Last week I had one of those days – one of those days when I couldn’t decide whether to laugh or cry at all of the absurd things that had gone wrong.
On top of the plethora of crap I had to deal with, my back tightened, my shoulders ached and my feet hurt from the 4-inch heels I must wear daily. It was the ultimate pity party for me.
Don’t judge. You know you’ve had them, too.
After dropping off my daughter at yet another afternoon practice, I daydreamed as I drove to my next errand. Ahh, wouldn’t it be nice to take an hour just for me – no kids, no husband, no work, no cleaning? Just an hour all about me. Maybe a quick massage would do the trick.
Then the pity party resumed as I considered how much a one-hour massage would cost.

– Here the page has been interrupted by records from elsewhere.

(* Let $\tau\in\mathcal{H}$ with $\Im(\tau)\ge\sqrt3/4$ and $z\in\mathbb{C}$ with $0\le\Im(z)\le\Im(\tau)/4$. Then the optimal F sequence starting from $(\theta_{00}^2(z,\tau),\theta_{01}^2(z,\tau),\theta_{00}^2(0,\tau),\theta_{01}^2(0,\tau))$ converges quadratically to $(1,1,1,1)$ (each of its four coordinate sequences is quadratically convergent with limit $1$).
   Context: For $z\in\mathbb{C}$ and $\tau$ in the upper half-plane $\mathcal{H}=\{\tau\in\mathbb{C}:\Im\tau>0\}$, $\theta(z,\tau)=\sum_{n\in\mathbb{Z}}\exp(\pi i\tau n^2+2\pi i n z)$; $\theta_{00}(z,\tau)=\theta(z,\tau)$, $\theta_{01}(z,\tau)=\theta(z+\tfrac12,\tau)$. Optimal F sequence: given $(x_0,y_0,z_0,t_0)\in\mathbb{C}^4$, define recursively $$(x_{n+1},y_{n+1},z_{n+1},t_{n+1})=\Big(\tfrac{\sqrt{x_n}\sqrt{z_n}+\sqrt{y_n}\sqrt{t_n}}{2},\ \tfrac{\sqrt{x_n}\sqrt{t_n}+\sqrt{y_n}\sqrt{z_n}}{2},\ \tfrac{z_n+t_n}{2},\ \sqrt{z_n}\sqrt{t_n}\Big),$$ where at each rank the square roots are chosen "good": $\Re\sqrt{x_n}\ge0$, $\Re\sqrt{z_n}\ge0$; either $|\sqrt{x_n}-\sqrt{y_n}|<|\sqrt{x_n}+\sqrt{y_n}|$ or equality and $\Im(\sqrt{y_n}/\sqrt{x_n})>0$; either $|\sqrt{z_n}-\sqrt{t_n}|<|\sqrt{z_n}+\sqrt{t_n}|$ or equality and $\Im(\sqrt{t_n}/\sqrt{z_n})>0$. A complex sequence $(a_n)$ converging to $\ell$ is quadratically convergent if there is $C>0$ such that $|a_{n+1}-a_n|\le C|a_n-a_{n-1}|^2$ for all $n$ large enough. *)

theory Defs
  imports "HOL-Analysis.Analysis"
begin

definition jtheta :: "complex \<Rightarrow> complex \<Rightarrow> complex" where
  "jtheta z \<tau> = (\<Sum>\<^sub>\<infinity>n\<in>(UNIV::int set).
      exp (complex_of_real pi * \<i> * \<tau> * (of_int n)^2 + 2 * complex_of_real pi * \<i> * of_int n * z))"

definition theta00 :: "complex \<Rightarrow> complex \<Rightarrow> complex" where
  "theta00 z \<tau> = jtheta z \<tau>"

definition theta01 :: "complex \<Rightarrow> complex \<Rightarrow> complex" where
  "theta01 z \<tau> = jtheta (z + 1/2) \<tau>"

definition good_roots :: "complex \<Rightarrow> complex \<Rightarrow> complex \<Rightarrow> complex \<Rightarrow> bool" where
  "good_roots u v a b \<longleftrightarrow> a^2 = u \<and> b^2 = v \<and> Re a \<ge> 0 \<and>
     (cmod (a - b) < cmod (a + b) \<or> (cmod (a - b) = cmod (a + b) \<and> Im (b / a) > 0))"

definition optimal_F_seq ::
  "(nat \<Rightarrow> complex) \<Rightarrow> (nat \<Rightarrow> complex) \<Rightarrow> (nat \<Rightarrow> complex) \<Rightarrow> (nat \<Rightarrow> complex) \<Rightarrow>
   complex \<Rightarrow> complex \<Rightarrow> complex \<Rightarrow> complex \<Rightarrow> bool" where
  "optimal_F_seq x y z t x0 y0 z0 t0 \<longleftrightarrow>
     x 0 = x0 \<and> y 0 = y0 \<and> z 0 = z0 \<and> t 0 = t0 \<and>
     (\<forall>n. \<exists>a b c d. good_roots (x n) (y n) a b \<and> good_roots (z n) (t n) c d \<and>
        x (Suc n) = (a * c + b * d) / 2 \<and> y (Suc n) = (a * d + b * c) / 2 \<and>
        z (Suc n) = (z n + t n) / 2 \<and> t (Suc n) = c * d)"

definition quad_convergent :: "(nat \<Rightarrow> complex) \<Rightarrow> complex \<Rightarrow> bool" where
  "quad_convergent a l \<longleftrightarrow> a \<longlonglongrightarrow> l \<and>
     (\<exists>C>0. \<forall>\<^sub>F n in sequentially. cmod (a (Suc n) - a n) \<le> C * (cmod (a n - a (n - 1)))^2)"

end

theory Submission
  imports Defs "HOL-Complex_Analysis.Complex_Analysis" "HOL-Library.Nat_Bijection"
begin

text \<open>The duplication formula \<open>\<theta>(x)\<theta>(y) + \<theta>(x+\<onehalf>)\<theta>(y+\<onehalf>) = 2 \<theta>(x+y,2\<tau>) \<theta>(x-y,2\<tau>)\<close>
  shows that one F step sends the squared theta values at \<open>\<tau>\<close> to those at \<open>2\<tau>\<close>, provided the good
  square roots are \<open>\<theta>\<^sub>0\<^sub>0\<close> and \<open>\<theta>\<^sub>0\<^sub>1\<close> themselves. In the region of the theorem the theta series are
  dominated by their constant term, which forces exactly this choice. Hence the \<open>n\<close>-th term of each
  coordinate is \<open>F(q^(2^n))\<close> for a function \<open>F\<close> holomorphic in the nome \<open>q = exp(\<pi> i \<tau>)\<close> on the unit
  disc with \<open>F(0) = 1\<close>. Writing \<open>F(u\<^sup>2) - F(u) = u\<^sup>m H(u)\<close> with \<open>H(0) \<noteq> 0\<close>, consecutive differences
  along \<open>q\<^sub>n = q^(2^n)\<close> are \<open>q\<^sub>n\<^sup>m H(q\<^sub>n)\<close>, and since \<open>q\<^sub>n\<^sub>+\<^sub>1 = q\<^sub>n\<^sup>2\<close> they decay quadratically.\<close>

section \<open>Series over the integers\<close>

lemma has_sum_power_abs_int_tail:
  fixes r :: real
  assumes "0 \<le> r" "r < 1" "N \<ge> 1"
  shows "((\<lambda>k::int. r ^ nat \<bar>k\<bar>) has_sum (2 * r ^ nat N / (1 - r))) {k. \<bar>k\<bar> \<ge> N}"
proof -
  have "(\<lambda>n. r ^ nat N * r ^ n) sums (r ^ nat N * (1 / (1 - r)))"
    by (intro sums_mult geometric_sums) (use assms in auto)
  then have sums: "(\<lambda>n. r ^ (n + nat N)) sums (r ^ nat N / (1 - r))"
    by (simp add: power_add mult.commute)
  then have "summable (\<lambda>n. norm (r ^ (n + nat N)))"
    using assms by (simp add: sums_iff)
  then have half: "((\<lambda>n. r ^ (n + nat N)) has_sum (r ^ nat N / (1 - r))) UNIV"
    using sums by (rule norm_summable_imp_has_sum)
  have "nat \<bar>int n + N\<bar> = n + nat N" "nat \<bar>- (int n + N)\<bar> = n + nat N" for n
    using assms(3) by auto
  moreover have "bij_betw (\<lambda>n::nat. int n + N) UNIV {k. k \<ge> N}"
    by (rule bij_betwI[where g = "\<lambda>k. nat (k - N)"]) auto
  moreover have "bij_betw (\<lambda>n::nat. - (int n + N)) UNIV {k. k \<le> - N}"
    by (rule bij_betwI[where g = "\<lambda>k. nat (- k - N)"]) auto
  ultimately have "((\<lambda>k::int. r ^ nat \<bar>k\<bar>) has_sum (r ^ nat N / (1 - r))) {k. k \<ge> N}"
    and "((\<lambda>k::int. r ^ nat \<bar>k\<bar>) has_sum (r ^ nat N / (1 - r))) {k. k \<le> - N}"
    using half by (simp_all add: has_sum_reindex_bij_betw[symmetric] o_def)
  then have "((\<lambda>k::int. r ^ nat \<bar>k\<bar>) has_sum (r ^ nat N / (1 - r) + r ^ nat N / (1 - r)))
      ({k. k \<ge> N} \<union> {k. k \<le> - N})"
    by (rule has_sum_Un_disjoint) (use assms(3) in auto)
  moreover have "{k. k \<ge> N} \<union> {k. k \<le> - N} = {k. \<bar>k\<bar> \<ge> N}"
    using assms(3) by auto
  ultimately show ?thesis
    by simp
qed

Basically, it would cost me a few days’ worth of groceries.
Poor me, left to suffer with the stress and pain of the average woman.
As I pulled into a neighborhood strip mall, a sign captured my attention. “Happy Foot.” Hmm. Happy Foot? I sat, staring at the sign. Is this one of those places where things aren’t supposed to end “happy” legally?
I watched as a clean-cut gentleman went in. Interesting, I thought. I pulled out my handy-dandy iPhone and looked up “Happy Foot” on Yelp. I was shocked at the overwhelmingly positive reviews it had received.
Two things really jumped out at me: “Clean” and “1 hour for $25.” What, $25? Since I’ve always been a Four Seasons type of girl, I’m used to paying more than $25 just for the tip.
My curiosity got the best of me. I had to call and see if they could get me in. The woman on the phone spoke in broken English, but I was able to understand. She asked if I could be there in 10 minutes. Considering I was parked outside the door, it wasn’t an issue.
For the next 10 minutes I observed the comings and goings of the establishment, trying to read the faces of the customers. They looked legit. Maybe I had watched to many movies, and just the word “happy” in conjunction with the word “massage” was taking my mind to the gutter.
Ten minutes went quickly and before I knew it, it was time to make my move.
Walking in, I got that first-day-of-school feeling in my stomach. Hospital-type curtains hung from the ceiling and I was unable to see past the small reception area.
I was promptly and quietly greeted and was asked to follow the receptionist to the back. As the curtains were withdrawn, the headlines flashed in front of my eyes: “Local mom arrested for prostitution at local massage parlor.” Oh man, what had I gotten myself into?
Low-lying chairs were positioned throughout the small room. There were about eight chairs, and most were filled with people in the process of getting “happy.” All had their faces covered, so there was no way of knowing who was in the room.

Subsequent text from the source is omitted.